Only the lines below, from the one with "u w | u w. u" through the one with "z2_subspace W \<Longrightarrow>", are to be written out, exactly.

_Supplied records_:
****************************************

definition filtration :: "'a set \<Rightarrow> 'a set set \<Rightarrow> ('a set \<Rightarrow> real) \<Rightarrow> bool" where
  "filtration C S ent \<longleftrightarrow>
     finite C \<and>
     (\<forall>\<sigma>\<in>S. \<sigma> \<noteq> {} \<and> \<sigma> \<subseteq> C) \<and>
     (\<forall>v\<in>C. {v} \<in> S \<and> ent {v} = 0) \<and>
     (\<forall>\<sigma>\<in>S. \<forall>\<tau>. \<tau> \<noteq> {} \<and> \<tau> \<subseteq> \<sigma> \<longrightarrow> \<tau> \<in> S \<and> ent \<tau> \<le> ent \<sigma>) \<and>
     (\<forall>\<sigma>\<in>S. 0 \<le> ent \<sigma>) \<and>
     connected_graph C (edges S)"

(* Z_2 chains are sets of simplices; addition is symmetric difference *)
definition symdiff :: "'b set \<Rightarrow> 'b set \<Rightarrow> 'b set" where
  "symdiff A B = (A - B) \<union> (B - A)"

definition cycles :: "'a set set \<Rightarrow> 'a set set set" where
  "cycles K = {c. c \<subseteq> edges K \<and> (\<forall>v. even (card {e\<in>c. v \<in> e}))}"

definition bd2 :: "'a set set \<Rightarrow> 'a set set" where
  "bd2 T = {e. card e = 2 \<and> odd (card {t\<in>T. e \<subseteq> t})}"

definition boundaries :: "'a set set \<Rightarrow> 'a set set set" where
  "boundaries K = bd2 ` Pow (triangles K)"

definition hclass :: "'a set set \<Rightarrow> 'a set set \<Rightarrow> 'a set set set" where
  "hclass K c = {c'\<in>cycles K. symdiff c c' \<in> boundaries K}"

definition H1 :: "'a set set \<Rightarrow> 'a set set set set" where
  "H1 K = hclass K ` cycles K"

(* map H_1(K) -> H_1(L) induced by inclusion K \<subseteq> L *)
definition induced :: "'a set set \<Rightarrow> 'a set set \<Rightarrow> 'a set set set \<Rightarrow> 'a set set set" where
  "induced K L X = hclass L (SOME z. z \<in> X)"

definition dimZ2 :: "'b set \<Rightarrow> nat" where
  "dimZ2 V = (THE n. card V = 2 ^ n)"

definition hrank :: "'a set set \<Rightarrow> 'a set set \<Rightarrow> nat" where
  "hrank K L = dimZ2 (induced K L ` H1 K)"

(* multiplicity of the dot (b,d), b<d finite, in the 1-dim persistence diagram *)
definition mult_fin :: "'a set set \<Rightarrow> ('a set \<Rightarrow> real) \<Rightarrow> real \<Rightarrow> real \<Rightarrow> nat" where
  "mult_fin S ent b d = nat (int (hrank (Qle S ent b) (Qlt S ent d))
      - int (hrank (Qlt S ent b) (Qlt S ent d))
      - int (hrank (Qle S ent b) (Qle S ent d))
      + int (hrank (Qlt S ent b) (Qle S ent d)))"

(* multiplicity of the dot (b,infinity): classes born at b never dying *)
definition mult_inf :: "'a set set \<Rightarrow> ('a set \<Rightarrow> real) \<Rightarrow> real \<Rightarrow> nat" where
  "mult_inf S ent b = nat (int (hrank (Qle S ent b) S) - int (hrank (Qlt S ent b) S))"

(* PD{Q(C;alpha)}: births/deaths can only occur at entry scales ent ` S *)
definition PD :: "'a set set \<Rightarrow> ('a set \<Rightarrow> real) \<Rightarrow> (real \<times> ereal) multiset" where
  "PD S ent =
     (\<Sum>b\<in>ent ` S. \<Sum>d\<in>ent ` S.
        if b < d then replicate_mset (mult_fin S ent b d) (b, ereal d) else {#})
   + (\<Sum>b\<in>ent ` S. replicate_mset (mult_inf S ent b) (b, \<infinity>))"

definition graph_on :: "'a set \<Rightarrow> 'a set set \<Rightarrow> bool" where
  "graph_on C G \<longleftrightarrow> (\<forall>e\<in>G. card e = 2 \<and> e \<subseteq> C)"

definition graph_cx :: "'a set \<Rightarrow> 'a set set \<Rightarrow> 'a set set" where
  "graph_cx C G = (\<lambda>v. {v}) ` C \<union> G"

definition spans :: "'a set \<Rightarrow> 'a set set \<Rightarrow> 'a set set \<Rightarrow> bool" where
  "spans C G K \<longleftrightarrow> graph_on C G \<and> G \<subseteq> K \<and>
     bij_betw (\<lambda>X. comp C (edges K) (SOME v. v \<in> X)) (comps C G) (comps C (edges K))"

definition is_tree :: "'a set \<Rightarrow> 'a set set \<Rightarrow> bool" where
  "is_tree C T \<longleftrightarrow> graph_on C T \<and> connected_graph C T \<and>
     (\<forall>e\<in>T. \<forall>u v. e = {u, v} \<longrightarrow> \<not> conn (T - {e}) u v)"

definition elen :: "('a set \<Rightarrow> real) \<Rightarrow> 'a set \<Rightarrow> real" where
  "elen ent e = 2 * ent e"

definition total_len :: "('a set \<Rightarrow> real) \<Rightarrow> 'a set set \<Rightarrow> real" where
  "total_len ent E = (\<Sum>e\<in>E. elen ent e)"

definition is_MST :: "'a set \<Rightarrow> 'a set set \<Rightarrow> ('a set \<Rightarrow> real) \<Rightarrow> 'a set set \<Rightarrow> bool" where
  "is_MST C S ent T \<longleftrightarrow> is_tree C T \<and> T \<subseteq> edges S \<and>
     (\<forall>T'. is_tree C T' \<and> T' \<subseteq> edges S \<longrightarrow> total_len ent T \<le> total_len ent T')"

definition MST_trunc :: "('a set \<Rightarrow> real) \<Rightarrow> 'a set set \<Rightarrow> real \<Rightarrow> 'a set set" where
  "MST_trunc ent T a = {e\<in>T. elen ent e \<le> 2 * a}"

end

theory Submission
  imports Defs
begin

text \<open>Fix a level $t < \alpha$. By Euler's formula, the edges of $G$ longer than $2t$ number at least
  the drop of the rank of $H_1(Q(C;t)) \to H_1(Q(C;\alpha))$ plus the drop in the number of
  components of $Q$ between the scales $t$ and $\alpha$, because the cycles of the edges of $G$
  entering by scale $t$ inject into $H_1(G) \cong H_1(Q(C;\alpha))$. The first drop is the number of
  dots with $t < b_i \le \alpha < d_i$, since each persistence multiplicity is an alternating sum of
  ranks that telescopes; the second is the number of edges of $\mathrm{MST}(C;\alpha)$ longer than
  $2t$, by the cut property of minimum spanning trees. So at every level $t$ the lengths of $G$
  dominate those of $\mathrm{MST}(C;\alpha)$ together with the births $b_i$, and a layer-cake
  argument turns these counts into the inequality of sums.\<close>

section \<open>Subspaces of the $\mathbb{Z}_2$-vector space of sets\<close>

lemma mem_symdiff: "x \<in> symdiff A B \<longleftrightarrow> (x \<in> A) \<noteq> (x \<in> B)"
  unfolding symdiff_def by blast

lemma symdiff_assoc: "symdiff (symdiff x y) z = symdiff x (symdiff y z)"
  unfolding symdiff_def by blast

lemma symdiff_self [simp]: "symdiff x x = {}"
  unfolding symdiff_def by blast

lemma symdiff_empty [simp]: "symdiff x {} = x" "symdiff {} x = x"
  unfolding symdiff_def by blast+

lemma symdiff_cancel [simp]: "symdiff x (symdiff x y) = y" "symdiff (symdiff y x) x = y"
  unfolding symdiff_def by blast+

lemma symdiff_eq_iff: "symdiff x y = z \<longleftrightarrow> y = symdiff x z"
  unfolding symdiff_def by blast

lemma inj_on_symdiff: "inj_on (symdiff x) A"
  by (rule inj_onI) (simp add: symdiff_eq_iff)

definition z2_subspace :: "'b set set \<Rightarrow> bool" where
  "z2_subspace U \<longleftrightarrow> {} \<in> U \<and> (\<forall>x\<in>U. \<forall>y\<in>U. symdiff x y \<in> U)"

definition z2_sum :: "'b set set \<Rightarrow> 'b set set \<Rightarrow> 'b set set" where
  "z2_sum U W = {symdiff u w | u w. u \<in> U \<and> w \<in> W}"

definition coset :: "'b set set \<Rightarrow> 'b set \<Rightarrow> 'b set set" where
  "coset B c = symdiff c ` B"

lemma z2_subspace_empty: "z2_subspace U \<Longrightarrow> {} \<in> U"
  and z2_subspace_symdiff: "z2_subspace U \<Longrightarrow> x \<in> U \<Longrightarrow> y \<in> U \<Longrightarrow> symdiff x y \<in> U"
  unfolding z2_subspace_def by auto

lemma z2_subspace_Int: "z2_subspace U \<Longrightarrow> z2_subspace W \<Longrightarrow> z2_subspace (U \<inter> W)"
  unfolding z2_subspace_def by auto

lemma z2_sum_eq_image: "z2_sum U W = (\<lambda>(u, w). symdiff u w) ` (U \<times> W)"
  unfolding z2_sum_def by force

lemma finite_z2_sum: "finite U \<Longrightarrow> finite W \<Longrightarrow> finite (z2_sum U W)"
  unfolding z2_sum_eq_image by simp

lemma z2_subspace_sum:
  assumes "z2_subspace U" "z2_subspace W"
  shows "z2_subspace (z2_sum U W)"
  unfolding z2_subspace_def z2_sum_def
proof (intro conjI ballI)
  show "{} \<in> {symdiff u w |u w. u \<in> U \<and> w \<in> W}"
    using assms by (auto intro!: exI[of _ "{}"] z2_subspace_empty)
next
  fix x y assume "x \<in> {symdiff u w |u w. u \<in> U \<and> w \<in> W}" "y \<in> {symdiff u w |u w. u \<in> U \<and> w \<in> W}"
  then obtain u1 w1 u2 w2 where "x = symdiff u1 w1" "y = symdiff u2 w2" "u1 \<in> U" "u2 \<in> U" "w1 \<in> W" "w2 \<in> W"
    by blast
  moreover have "symdiff (symdiff u1 w1) (symdiff u2 w2) = symdiff (symdiff u1 u2) (symdiff w1 w2)"
    unfolding symdiff_def by blast
  ultimately show "symdiff x y \<in> {symdiff u w |u w. u \<in> U \<and> w \<in> W}"
    using z2_subspace_symdiff[OF assms(1)] z2_subspace_symdiff[OF assms(2)] by blast
qed

lemma z2_sum_mono: "U \<subseteq> U' \<Longrightarrow> W \<subseteq> W' \<Longrightarrow> z2_sum U W \<subseteq> z2_sum U' W'"
  unfolding z2_sum_def by blast

lemma z2_sum_upper2: "{} \<in> U \<Longrightarrow> W \<subseteq> z2_sum U W"
  unfolding z2_sum_def by force

lemma symdiff_image_subspace:
  assumes "z2_subspace B" "b \<in> B"
  shows "symdiff b ` B = B"
proof
  show "symdiff b ` B \<subseteq> B"
    using z2_subspace_symdiff[OF assms] by blast
  show "B \<subseteq> symdiff b ` B"
  proof
    fix x assume "x \<in> B"
    then show "x \<in> symdiff b ` B"
      using z2_subspace_symdiff[OF assms] by (intro image_eqI[of _ _ "symdiff b x"]) auto
  qed
qed

lemma coset_shift:
  assumes "z2_subspace B" "b \<in> B"
  shows "coset B (symdiff c b) = coset B c"
proof -
  have "coset B (symdiff c b) = symdiff c ` (symdiff b ` B)"
    unfolding coset_def image_image by (simp add: symdiff_assoc)
  then show ?thesis
    unfolding symdiff_image_subspace[OF assms] coset_def .
qed

lemma z2_subspace_avoiding: "z2_subspace U \<Longrightarrow> z2_subspace {u\<in>U. a \<notin> u}"
  unfolding z2_subspace_def by (auto simp: mem_symdiff)

text \<open>Translation by $x$ swaps the sets of $U$ that avoid $a \in x$ with those that contain it.\<close>

lemma card_z2_subspace_split:
  assumes "z2_subspace U" "finite U" "x \<in> U" "a \<in> x"
  shows "card U = 2 * card {u\<in>U. a \<notin> u}"
proof -
  define U0 where "U0 = {u\<in>U. a \<notin> u}"
  have "U = U0 \<union> symdiff x ` U0"
  proof
    show "U \<subseteq> U0 \<union> symdiff x ` U0"
    proof
      fix u assume u: "u \<in> U"
      show "u \<in> U0 \<union> symdiff x ` U0"
      proof (cases "a \<in> u")
        case True
        then have "symdiff x u \<in> U0"
          using z2_subspace_symdiff[OF assms(1,3) u] assms(4) unfolding U0_def by (auto simp: mem_symdiff)
        then show ?thesis
          by (intro UnI2 image_eqI[of _ _ "symdiff x u"]) auto
      next
        case False
        then show ?thesis
          using u by (simp add: U0_def)
      qed
    qed
    show "U0 \<union> symdiff x ` U0 \<subseteq> U"
      using z2_subspace_symdiff[OF assms(1,3)] unfolding U0_def by blast
  qed
  moreover have "U0 \<inter> symdiff x ` U0 = {}"
    using assms(4) unfolding U0_def by (auto simp: mem_symdiff)
  ultimately have "card U = card U0 + card (symdiff x ` U0)"
    using assms(2) by (metis card_Un_disjoint finite_Un)
  then show ?thesis
    using card_image[OF inj_on_symdiff[of x U0]] unfolding U0_def by simp
qed

lemma z2_subspace_card_pow2:
  assumes "z2_subspace U" "finite U"
  shows "\<exists>n. card U = 2 ^ n"
  using assms
proof (induction "card U" arbitrary: U rule: less_induct)
  case less
  show ?case
  proof (cases "U \<subseteq> {{}}")
    case True
    then have "U = {{}}"
      using z2_subspace_empty[OF less.prems(1)] by blast
    then show ?thesis
      by (intro exI[of _ 0]) simp
  next
    case False
    then obtain x a where x: "x \<in> U" "a \<in> x"
      by blast
    have "card {u\<in>U. a \<notin> u} < card U"
      using x less.prems(2) by (intro psubset_card_mono) auto
    then obtain n where "card {u\<in>U. a \<notin> u} = 2 ^ n"
      using less.hyps[OF _ z2_subspace_avoiding[OF less.prems(1)]] less.prems(2) by auto
    then have "card U = 2 ^ Suc n"
      using card_z2_subspace_split[OF less.prems x] by simp
    then show ?thesis ..
  qed
qed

****************************************

_Reply to the task_:
  "z2_sum U W = {symdiff u w | u w. u \<in> U \<and> w \<in> W}"

definition coset :: "'b set set \<Rightarrow> 'b set \<Rightarrow> 'b set set" where
  "coset B c = symdiff c ` B"

lemma z2_subspace_empty: "z2_subspace U \<Longrightarrow> {} \<in> U"
  and z2_subspace_symdiff: "z2_subspace U \<Longrightarrow> x \<in> U \<Longrightarrow> y \<in> U \<Longrightarrow> symdiff x y \<in> U"
  unfolding z2_subspace_def by auto

lemma z2_subspace_Int: "z2_subspace U \<Longrightarrow> z2_subspace W \<Longrightarrow> z2_subspace (U \<inter> W)"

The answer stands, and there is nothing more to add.